━━ DATA SECTION ━━
text \<open>Once \<open>a \<ge> ln 4 / (\<rho> - 1)\<close>, level \<open>n\<close> contributes at most \<open>2 exp (-a) / 2^n\<close>;
  for smaller \<open>a\<close> the trivial bound 1 is absorbed into the constant.\<close>
lemma (in prob_space) measure_UN_doubly_exponential_le:
  assumes "range A \<subseteq> sets M" "1 < \<rho>"
    and level: "\<And>n. measure M (A n) \<le> 2^n * (2 * exp (-(a * \<rho>^n)))"
  shows "measure M (\<Union>n. A n) \<le> (4 + exp (ln 4 / (\<rho> - 1))) * exp (-a)"
proof (cases "ln 4 / (\<rho> - 1) \<le> a")
  case True
  have "measure M (A n) \<le> 2 * exp (-a) * (1/2)^n" for n
    using level[of n] exp_neg_geometric_le[OF \<open>1 < \<rho>\<close> True, of n] by linarith
  then have "measure M (\<Union>n. A n) \<le> (\<Sum>n. 2 * exp (-a) * (1/2)^n)"
    by (intro measure_UN_le_suminf[OF assms(1)] summable_mult summable_geometric) simp_all
  also have "\<dots> = 4 * exp (-a)"
    by (simp add: suminf_mult suminf_geometric)
  also have "\<dots> \<le> (4 + exp (ln 4 / (\<rho> - 1))) * exp (-a)"
    by (simp add: distrib_right)
  finally show ?thesis .
next
  case False
  have "measure M (\<Union>n. A n) \<le> 1"
    by (rule prob_le_1)
  also have "1 \<le> exp (ln 4 / (\<rho> - 1) - a)"
    using False by simp
  also have "\<dots> \<le> (4 + exp (ln 4 / (\<rho> - 1))) * exp (-a)"
    by (simp add: exp_diff exp_minus divide_inverse)
  finally show ?thesis .
qed

text \<open>The level-\<open>n\<close> union has \<open>2^n\<close> events whose probabilities decay doubly
  exponentially in \<open>n\<close>, so the bound over all levels is of Gaussian order in \<open>y\<close>.\<close>
lemma chain_violated_prob:
  assumes "is_fbm M H W" "0 < H"
  obtains K c where "0 \<le> K" "0 < c"
    "\<And>b y. 0 \<le> y \<Longrightarrow> measure M {\<omega>\<in>space M. chain_violated W (2*H) b y \<omega>} \<le> K * exp (-(c * y\<^sup>2))"
proof -
  interpret prob_space M
    using is_fbmD(1)[OF assms(1)] .
  note [measurable] = is_fbmD(2)[OF assms(1)]
  define c where "c = (1 - 2 powr (-H/2))\<^sup>2 / 4"
  define \<rho> :: real where "\<rho> = 2 powr H"
  have "0 < c"
    using chain_ratio_bounds[of "2*H"] \<open>0 < H\<close> unfolding c_def by simp
  have "1 < \<rho>"
    unfolding \<rho>_def using \<open>0 < H\<close> by simp
  have "measure M {\<omega>\<in>space M. chain_violated W (2*H) b y \<omega>}
      \<le> (4 + exp (ln 4 / (\<rho> - 1))) * exp (-(c * y\<^sup>2))" if "0 \<le> y" for b y
  proof -
    define B where "B n j = {\<omega>\<in>space M. y * chain_weight (2*H) n
        < \<bar>W (b + real (Suc j) / 2^n) \<omega> - W (b + real j / 2^n) \<omega>\<bar>}" for n j :: nat
    define A where "A n = (\<Union>j<(2::nat)^n. B n j)" for n
    have B_sets: "B n j \<in> sets M" for n j
      unfolding B_def by measurable
    have "measure M (A n) \<le> 2^n * (2 * exp (-(c * y\<^sup>2 * \<rho>^n)))" for n
    proof -
      have "measure M (A n) \<le> (\<Sum>j<(2::nat)^n. measure M (B n j))"
        unfolding A_def by (rule measure_UNION_le) (auto intro: B_sets)
      also have "\<dots> \<le> (\<Sum>j<(2::nat)^n. 2 * exp (-(c * y\<^sup>2 * \<rho>^n)))"
        using chain_increment_prob[OF assms \<open>0 \<le> y\<close>]
        unfolding B_def c_def \<rho>_def by (intro sum_mono) (simp add: mult.assoc mult.left_commute)
      finally show ?thesis
        by simp
    qed
    moreover have "{\<omega>\<in>space M. chain_violated W (2*H) b y \<omega>} = (\<Union>n. A n)"
      unfolding A_def B_def chain_violated_def by auto
    moreover have "range A \<subseteq> sets M"
      unfolding A_def using B_sets by blast
    ultimately show ?thesis
      using \<open>1 < \<rho>\<close> \<open>0 < c\<close> by (simp add: measure_UN_doubly_exponential_le)
  qed
  moreover have "0 \<le> 4 + exp (ln 4 / (\<rho> - 1))"
    by (simp add: add_nonneg_nonneg)
  ultimately show ?thesis
    using that \<open>0 < c\<close> by blast
qed

section \<open>Series with stretched-exponential decay\<close>

lemma powr_add_le_four:
  fixes x y h :: real
  assumes "0 \<le> x" "0 \<le> y" "0 < h" "h \<le> 2"
  shows "(x + y) powr h \<le> 4 * (x powr h + y powr h)"
proof -
  have "(2::real) powr h \<le> 2 powr 2"
    using assms by (intro powr_mono) auto
  then have two: "(2::real) powr h \<le> 4"
    by simp
  have "(x + y) powr h \<le> (2 * max x y) powr h"
    using assms by (intro powr_mono2) auto
  also have "\<dots> = 2 powr h * max x y powr h"
    using assms by (simp add: powr_mult)
  also have "\<dots> \<le> 4 * max x y powr h"
    using two by (intro mult_right_mono) auto
  also have "max x y powr h \<le> x powr h + y powr h"
    by (cases "x \<le> y") (auto simp: max_def)
  finally show ?thesis
    by simp
qed
lemma iter_dd_Cons_add_scaleR:
  "smooth f \<Longrightarrow> iter_dd f ((a + r *\<^sub>R b) # P) x = iter_dd f (a # P) x + r *\<^sub>R iter_dd f (b # P) x"
  by (simp add: gderiv_add_right gderiv_scaleR_right smooth_iter_dd)

lemma iter_dd_moving_slots_tendsto:
  assumes g: "smooth g" and w: "(w \<longlongrightarrow> v) (at 0)"
  shows "((\<lambda>t::real. iter_dd g (map (\<lambda>\<sigma>. p \<sigma> + t *\<^sub>R q \<sigma>) sl) (z + t *\<^sub>R w t))
      \<longlongrightarrow> iter_dd g (map p sl) z) (at 0)"
  unfolding tendsto_at_iff_sequentially o_def
proof (intro allI impI)
  fix T :: "nat \<Rightarrow> real" assume "\<forall>i. T i \<in> UNIV - {0}" and T: "T \<longlonglongrightarrow> 0"
  then have "filterlim T (at 0) sequentially"
    by (auto simp: filterlim_at intro: always_eventually)
  then have "(\<lambda>k. w (T k)) \<longlonglongrightarrow> v"
    by (rule filterlim_compose[OF w])
  then have "(\<lambda>k. z + T k *\<^sub>R w (T k)) \<longlonglongrightarrow> z + 0 *\<^sub>R v"
    by (intro tendsto_intros T)
  moreover have "(\<lambda>k. p \<sigma> + T k *\<^sub>R q \<sigma>) \<longlonglongrightarrow> p \<sigma> + 0 *\<^sub>R q \<sigma>" for \<sigma>
    by (intro tendsto_intros T)
  ultimately show "(\<lambda>k. iter_dd g (map (\<lambda>\<sigma>. p \<sigma> + T k *\<^sub>R q \<sigma>) sl) (z + T k *\<^sub>R w (T k)))
      \<longlonglongrightarrow> iter_dd g (map p sl) z"
    by (intro smooth_iter_dd_seq_continuous[OF g]) auto
qed

lemma iter_dd_moving_slots_quotient:
  assumes "smooth f" and w: "(w \<longlongrightarrow> v) (at 0)"
  shows "((\<lambda>t::real. (iter_dd f (map (\<lambda>\<sigma>. p \<sigma> + t *\<^sub>R q \<sigma>) sl) (z + t *\<^sub>R w t) - iter_dd f (map p sl) z) /\<^sub>R t)
      \<longlongrightarrow> iter_dd f (v # map p sl) z + (\<Sum>j<length sl. iter_dd f ((map p sl)[j := q (sl ! j)]) z)) (at 0)"
  using assms(1)
proof (induction sl arbitrary: f rule: rev_induct)
  case Nil
  then show ?case using smooth_quotient_tendsto[OF Nil tendsto_const w] by simp
next
  case (snoc \<tau> sl)
  let ?fp = "iter_dd f [p \<tau>]" and ?fq = "iter_dd f [q \<tau>]"
  let ?W = "\<lambda>t::real. map (\<lambda>\<sigma>. p \<sigma> + t *\<^sub>R q \<sigma>) sl" and ?P = "map p sl"
  have fp: "smooth ?fp" and fq: "smooth ?fq"
    by (rule smooth_iter_dd[OF snoc.prems])+
  have last_slot: "iter_dd f (map (\<lambda>\<sigma>. p \<sigma> + t *\<^sub>R q \<sigma>) (sl @ [\<tau>])) y
      = iter_dd ?fp (?W t) y + t *\<^sub>R iter_dd ?fq (?W t) y" for t y
  proof -
    have "iter_dd f [p \<tau> + t *\<^sub>R q \<tau>] = (\<lambda>y. ?fp y + t *\<^sub>R ?fq y)"
      using iter_dd_Cons_add_scaleR[OF snoc.prems, of "p \<tau>" t "q \<tau>" "[]"] by auto
    then show ?thesis
      by (simp only: map_append list.map iter_dd_append iter_dd_add_scaleR[OF fp fq])
  qed
  have lim: "((\<lambda>t. (iter_dd ?fp (?W t) (z + t *\<^sub>R w t) - iter_dd ?fp ?P z) /\<^sub>R t
        + iter_dd ?fq (?W t) (z + t *\<^sub>R w t))
      \<longlongrightarrow> (iter_dd ?fp (v # ?P) z + (\<Sum>j<length sl. iter_dd ?fp (?P[j := q (sl ! j)]) z))
        + iter_dd ?fq ?P z) (at 0)"
    by (intro tendsto_add snoc.IH[OF fp] iter_dd_moving_slots_tendsto[OF fq w])
  have "\<forall>\<^sub>F t in at 0. (iter_dd ?fp (?W t) (z + t *\<^sub>R w t) - iter_dd ?fp ?P z) /\<^sub>R t
        + iter_dd ?fq (?W t) (z + t *\<^sub>R w t)
      = (iter_dd f (map (\<lambda>\<sigma>. p \<sigma> + t *\<^sub>R q \<sigma>) (sl @ [\<tau>])) (z + t *\<^sub>R w t)
        - iter_dd f (map p (sl @ [\<tau>])) z) /\<^sub>R t"
    unfolding last_slot by (auto simp: eventually_at_filter algebra_simps iter_dd_append)
  moreover have "(\<Sum>j<length (sl @ [\<tau>]). iter_dd f ((map p (sl @ [\<tau>]))[j := q ((sl @ [\<tau>]) ! j)]) z)
      = (\<Sum>j<length sl. iter_dd ?fp (?P[j := q (sl ! j)]) z) + iter_dd ?fq ?P z"
    by (auto simp: nth_append list_update_append iter_dd_append intro!: sum.cong)
  ultimately show ?case
    using lim by (simp add: iter_dd_append add.assoc tendsto_cong)
qed
lemma sets_Collect_occurrence_pattern:
  assumes "finite I" "\<And>i. i \<in> I \<Longrightarrow> A i \<in> sets M"
  shows "{x\<in>space M. {i\<in>I. x \<in> A i} = S} \<in> sets M"
proof -
  have event: "{x\<in>space M. x \<in> A i \<longleftrightarrow> i \<in> S} \<in> sets M" if "i \<in> I" for i
    using assms(2)[OF that] sets.sets_into_space[OF assms(2)[OF that]]
    by (cases "i \<in> S") (auto simp: Int_absorb1 Diff_eq[symmetric])
  have "{x\<in>space M. {i\<in>I. x \<in> A i} = S} = {x\<in>space M. S \<subseteq> I \<and> (\<forall>i\<in>I. x \<in> A i \<longleftrightarrow> i \<in> S)}"
    by auto
  then show ?thesis
    using assms(1) by (auto intro!: sets.sets_Collect_conj sets.sets_Collect_finite_All event)
qed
━━━
YOUR TASK
Exactly as they appear, retype the lines from the start of the records through the line containing "define c where".

WRITTEN SOLUTION
text \<open>Once \<open>a \<ge> ln 4 / (\<rho> - 1)\<close>, level \<open>n\<close> contributes at most \<open>2 exp (-a) / 2^n\<close>;
  for smaller \<open>a\<close> the trivial bound 1 is absorbed into the constant.\<close>
lemma (in prob_space) measure_UN_doubly_exponential_le:
  assumes "range A \<subseteq> sets M" "1 < \<rho>"
    and level: "\<And>n. measure M (A n) \<le> 2^n * (2 * exp (-(a * \<rho>^n)))"
  shows "measure M (\<Union>n. A n) \<le> (4 + exp (ln 4 / (\<rho> - 1))) * exp (-a)"
proof (cases "ln 4 / (\<rho> - 1) \<le> a")
  case True
  have "measure M (A n) \<le> 2 * exp (-a) * (1/2)^n" for n
    using level[of n] exp_neg_geometric_le[OF \<open>1 < \<rho>\<close> True, of n] by linarith
  then have "measure M (\<Union>n. A n) \<le> (\<Sum>n. 2 * exp (-a) * (1/2)^n)"
    by (intro measure_UN_le_suminf[OF assms(1)] summable_mult summable_geometric) simp_all
  also have "\<dots> = 4 * exp (-a)"
    by (simp add: suminf_mult suminf_geometric)
  also have "\<dots> \<le> (4 + exp (ln 4 / (\<rho> - 1))) * exp (-a)"
    by (simp add: distrib_right)
  finally show ?thesis .
next
  case False
  have "measure M (\<Union>n. A n) \<le> 1"
    by (rule prob_le_1)
  also have "1 \<le> exp (ln 4 / (\<rho> - 1) - a)"
    using False by simp
  also have "\<dots> \<le> (4 + exp (ln 4 / (\<rho> - 1))) * exp (-a)"
    by (simp add: exp_diff exp_minus divide_inverse)
  finally show ?thesis .
qed

text \<open>The level-\<open>n\<close> union has \<open>2^n\<close> events whose probabilities decay doubly
  exponentially in \<open>n\<close>, so the bound over all levels is of Gaussian order in \<open>y\<close>.\<close>
lemma chain_violated_prob:
  assumes "is_fbm M H W" "0 < H"
  obtains K c where "0 \<le> K" "0 < c"
    "\<And>b y. 0 \<le> y \<Longrightarrow> measure M {\<omega>\<in>space M. chain_violated W (2*H) b y \<omega>} \<le> K * exp (-(c * y\<^sup>2))"
proof -
  interpret prob_space M
    using is_fbmD(1)[OF assms(1)] .
  note [measurable] = is_fbmD(2)[OF assms(1)]
  define c where "c = (1 - 2 powr (-H/2))\<^sup>2 / 4"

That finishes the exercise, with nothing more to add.